Pragmatic Feature Preferences: Learning Reward-Relevant Preferences from Human Input

The paper presents a novel approach to learning reward functions from human preferences by incorporating fine-grained data derived from pragmatic human communication. The authors propose an enrichment of conventional binary preference queries, which typically only ask for preferences between examples, by also inquiring about specific features of those examples. The aim is to develop a more accurate reward model by understanding why a particular example is preferred.

Methodology

The approach hinges on two types of queries: example-level and feature-level. The former aligns with traditional Reinforcement Learning from Human Feedback (RLHF) methodologies, while the latter seeks human input on the specific features that influence their preferences. By combining these queries, the model can infer both explicit preferences and implicit indifferences a user has towards certain features, thus constructing a richer dataset. This feature augmentation, driven by pragmatic language descriptions, marks a significant deviation from existing RLHF methods.
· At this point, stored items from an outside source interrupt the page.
lemma hol_fields_fibre_scale:
  assumes spray: "is_spray X f" and c: "c > 0"
  shows "(V, Z) \<in> hol_fields X f \<Longrightarrow> \<exists>Z'. (fibre_scale c -` V, Z') \<in> hol_fields X f \<and>
           (\<forall>p \<in> fibre_scale c -` V. Z' p = fibre_scale (inverse c) (Z (fibre_scale c p)))"
proof (induction rule: hol_fields.induct)
  case (base V Z)
  then show ?case using horizontal_field_fibre_scale[OF spray c] hol_fields.base by metis
next
  case (bracket V Z W Y)
  obtain Z' where Z': "(fibre_scale c -` V, Z') \<in> hol_fields X f"
    "\<forall>p\<in>fibre_scale c -` V. Z' p = fibre_scale (inverse c) (Z (fibre_scale c p))"
    using bracket.IH(1) by blast
  obtain Y' where Y': "(fibre_scale c -` W, Y') \<in> hol_fields X f"
    "\<forall>p\<in>fibre_scale c -` W. Y' p = fibre_scale (inverse c) (Y (fibre_scale c p))"
    using bracket.IH(2) by blast
  have V: "open V" "Z differentiable_on V" and W: "open W" "Y differentiable_on W"
    using hol_fields_smooth[OF spray bracket.hyps(1)] hol_fields_smooth[OF spray bracket.hyps(2)]
      smooth_on_differentiable_on by blast+
  have "(fibre_scale c -` (V \<inter> W), lie_bracket Z' Y') \<in> hol_fields X f"
    using hol_fields.bracket[OF Z'(1) Y'(1)] by (simp add: vimage_Int)
  then show ?case
    using lie_bracket_fibre_scale_conj[OF _ V W Z'(2) Y'(2)] c by auto
qed

lemma hol_fields_in_holonomy: "(V, Z) \<in> hol_fields X f \<Longrightarrow> u \<in> V \<Longrightarrow> Z u \<in> holonomy X f u"
  unfolding holonomy_def by (rule span_base) blast

lemma bounded_linear_liouville: "bounded_linear liouville"
  unfolding liouville_def[abs_def] by (intro bounded_linear_Pair bounded_linear_zero bounded_linear_snd)
(* Let $U,V\in\mathbb{R}_{\max}^{m\times n}$, $b,d\in\mathbb{R}_{\max}^m$, $p\in\mathbb{R}_{\max}^n$, $q\in(\mathbb{R}\cup\{+\infty\})^n$, and let $A$ and $B(\lambda)$ be the $(m+n+1)\times(n+1)$ matrices $$A=\begin{pmatrix} U & b\\ -\infty & p\\ q^- & -\infty\end{pmatrix},\qquad B(\lambda)=\begin{pmatrix} V & d\\ \lambda\otimes I & -\infty\\ -\infty & \lambda\end{pmatrix},\qquad \lambda\in\mathbb{R}.$$ Let $\mathcal{S}$ be the set of positional strategies of player Max and $\mathcal{T}$ the set of positional strategies of player Min. Then for every $\lambda\in\mathbb{R}$, $$\min_{\tau\in\mathcal{T}}\Phi_\tau(\lambda)=\Phi(\lambda)=\max_{\sigma\in\mathcal{S}}\Phi^{\sigma}(\lambda).$$
   Context: Max-plus notation: $\mathbb{R}_{\max}=\mathbb{R}\cup\{-\infty\}$ with $a\oplus b=\max(a,b)$, $a\otimes b=a+b$, extended to matrices by $(A\oplus B)_{ij}=a_{ij}\oplus b_{ij}$ and $(A\otimes B)_{ij}=\max_k(a_{ik}+b_{kj})$. $I$ is the identity matrix (zeros on the diagonal, $-\infty$ off it). The conjugate $a^-$ of $a\in\mathbb{R}\cup\{\pm\infty\}$ is $-a$ if $a\in\mathbb{R}$, $+\infty$ if $a=-\infty$, $-\infty$ if $a=+\infty$; for a column vector $q$, $q^-$ is the row vector $(q_i^-)$. In $A$, the block "$-\infty$" in the second block row is the $n\times n$ all-$(-\infty)$ matrix, the last row is $(q^-,\,-\infty)$; in $B(\lambda)$, $\lambda\otimes I$ is the $n\times n$ matrix with $\lambda$ on the diagonal and $-\infty$ elsewhere, and the last row is $(-\infty,\dots,-\infty,\lambda)$. For matrices $A=(a_{ij}),B=(b_{ij})$ over $\mathbb{R}_{\max}$ of size $M\times N$, $A^{\sharp}B$ denotes the min-max map $f:\mathbb{R}^N\to\mathbb{R}^N$, $f_j(x)=\min_{k:\,a_{kj}\neq-\infty}\big(-a_{kj}+\max_{l:\,b_{kl}\neq -\infty}(b_{kl}+x_l)\big)$, and its cycle-time vector is $\chi(A^\sharp B)=\lim_{k\to\infty} f^k(0)/k$ (which exists). Standing assumption (needed for these objects to be defined): every column of $A$ and every row of $B(\lambda)$ contains a finite entry. A positional strategy of Max is a map $\sigma:\{1,\dots,m+n+1\}\to\{1,\dots,n+1\}$ with $B(\lambda)_{i\sigma(i)}\neq-\infty$ for all $i$; a positional strategy of Min is a map $\tau:\{1,\dots,n+1\}\to\{1,\dots,m+n+1\}$ with $a_{\tau(j)j}\neq-\infty$ for all $j$. Define $A_\tau$ by $(A_\tau)_{ij}=a_{ij}$ if $i=\tau(j)$ and $-\infty$ otherwise, and $B^\sigma(\lambda)$ by $(B^\sigma(\lambda))_{ij}=B(\lambda)_{ij}$ if $j=\sigma(i)$ and $-\infty$ otherwise. Then $\Phi(\lambda)=\min_i\chi_i(A^\sharp B(\lambda))$, $\Phi_\tau(\lambda)=\min_i\chi_i(A_\tau^\sharp B(\lambda))$, $\Phi^\sigma(\lambda)=\min_i\chi_i(A^\sharp B^\sigma(\lambda))$. *)

theory Defs
  imports Complex_Main "HOL-Library.Extended_Real" "HOL-Library.FuncSet"
begin

text \<open>Matrices over R_max are functions nat => nat => ereal, indexed from 0,
  with explicit dimensions; -\<infinity> is the max-plus zero. All entries used are
  assumed different from +\<infinity> (except the conjugate q^- handled by uminus on ereal).\<close>

definition minmax_map ::
  "nat \<Rightarrow> nat \<Rightarrow> (nat \<Rightarrow> nat \<Rightarrow> ereal) \<Rightarrow> (nat \<Rightarrow> nat \<Rightarrow> ereal) \<Rightarrow> (nat \<Rightarrow> real) \<Rightarrow> nat \<Rightarrow> real"
  where
  "minmax_map M N A B x j =
     Min {- real_of_ereal (A k j) +
            Max {real_of_ereal (B k l) + x l | l. l < N \<and> B k l \<noteq> -\<infinity>}
          | k. k < M \<and> A k j \<noteq> -\<infinity>}"

definition cycle_time ::
  "nat \<Rightarrow> nat \<Rightarrow> (nat \<Rightarrow> nat \<Rightarrow> ereal) \<Rightarrow> (nat \<Rightarrow> nat \<Rightarrow> ereal) \<Rightarrow> nat \<Rightarrow> real"
  where
  "cycle_time M N A B j = lim (\<lambda>k. ((minmax_map M N A B ^^ k) (\<lambda>_. 0)) j / real k)"

definition Phi_val ::
  "nat \<Rightarrow> nat \<Rightarrow> (nat \<Rightarrow> nat \<Rightarrow> ereal) \<Rightarrow> (nat \<Rightarrow> nat \<Rightarrow> ereal) \<Rightarrow> real"
  where
  "Phi_val M N A B = Min {cycle_time M N A B i | i. i < N}"

definition matA ::
  "nat \<Rightarrow> nat \<Rightarrow> (nat \<Rightarrow> nat \<Rightarrow> ereal) \<Rightarrow> (nat \<Rightarrow> ereal) \<Rightarrow> (nat \<Rightarrow> ereal) \<Rightarrow> (nat \<Rightarrow> ereal)
   \<Rightarrow> nat \<Rightarrow> nat \<Rightarrow> ereal"
  where
  "matA m n U b p q i j =
     (if i < m then (if j < n then U i j else b i)
      else if i < m + n then (if j < n then -\<infinity> else p (i - m))
      else (if j < n then - q j else -\<infinity>))"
The authors evaluate their method in linear bandit settings across both vision- and language-based domains—specifically in tasks involving vision (mushroom foraging) and language (flight booking). The results demonstrate that their approach achieves more efficient convergence to the true reward function compared to methods only using example-level feedback. These findings are validated by a user paper in the mushroom foraging task, which confirms the model's applicability and efficiency in real-world scenarios.

Key Findings

  • Efficiency: The pragmatic feature preference model requires fewer comparisons to converge to accurate reward predictions, significantly reducing the learning effort compared to traditional RLHF approaches.
  • Feature Sparsity: The advantage of the proposed method over baseline models is especially pronounced when reward functions are sparse, meaning that only a few features are reward-relevant.
  • User Study: Real-world validation through a user paper indicates that users did not find providing feature-level feedback more burdensome, and the augmented queries did not introduce significant additional effort.

Implications

The implications of this research are twofold. Practically, the enriched preference data can lead to more human-aligned AI systems that efficiently learn from limited data sets. This is particularly beneficial in applications where querying users iteratively for feedback is costly or impractical. Theoretically, it suggests a richer model of human-AI interaction where users are not just treated as oracles providing binary labels but as teachers whose input can guide the learning process more intricately.

Future Directions

The proposed method opens several avenues for future research. A critical exploration could involve the application of the method to more complex, high-dimensional environments, assessing the scalability of the pragmatic approach. Additionally, the current method assumes users provide clear feature-level feedback, which may not always be feasible. Thus, developing mechanisms to handle ambiguity in human communication or leveraging AI to better interpret human input will be valuable advancements.

In conclusion, pragmatic feature preferences introduce a promising dimension to reward function learning, integrating insights from human communication strategies to improve AI alignment with human values efficiently. This approach underscores the potential of pragmatic communication models in advancing AI systems that learn from and adapt to human interactions more subtly and effectively.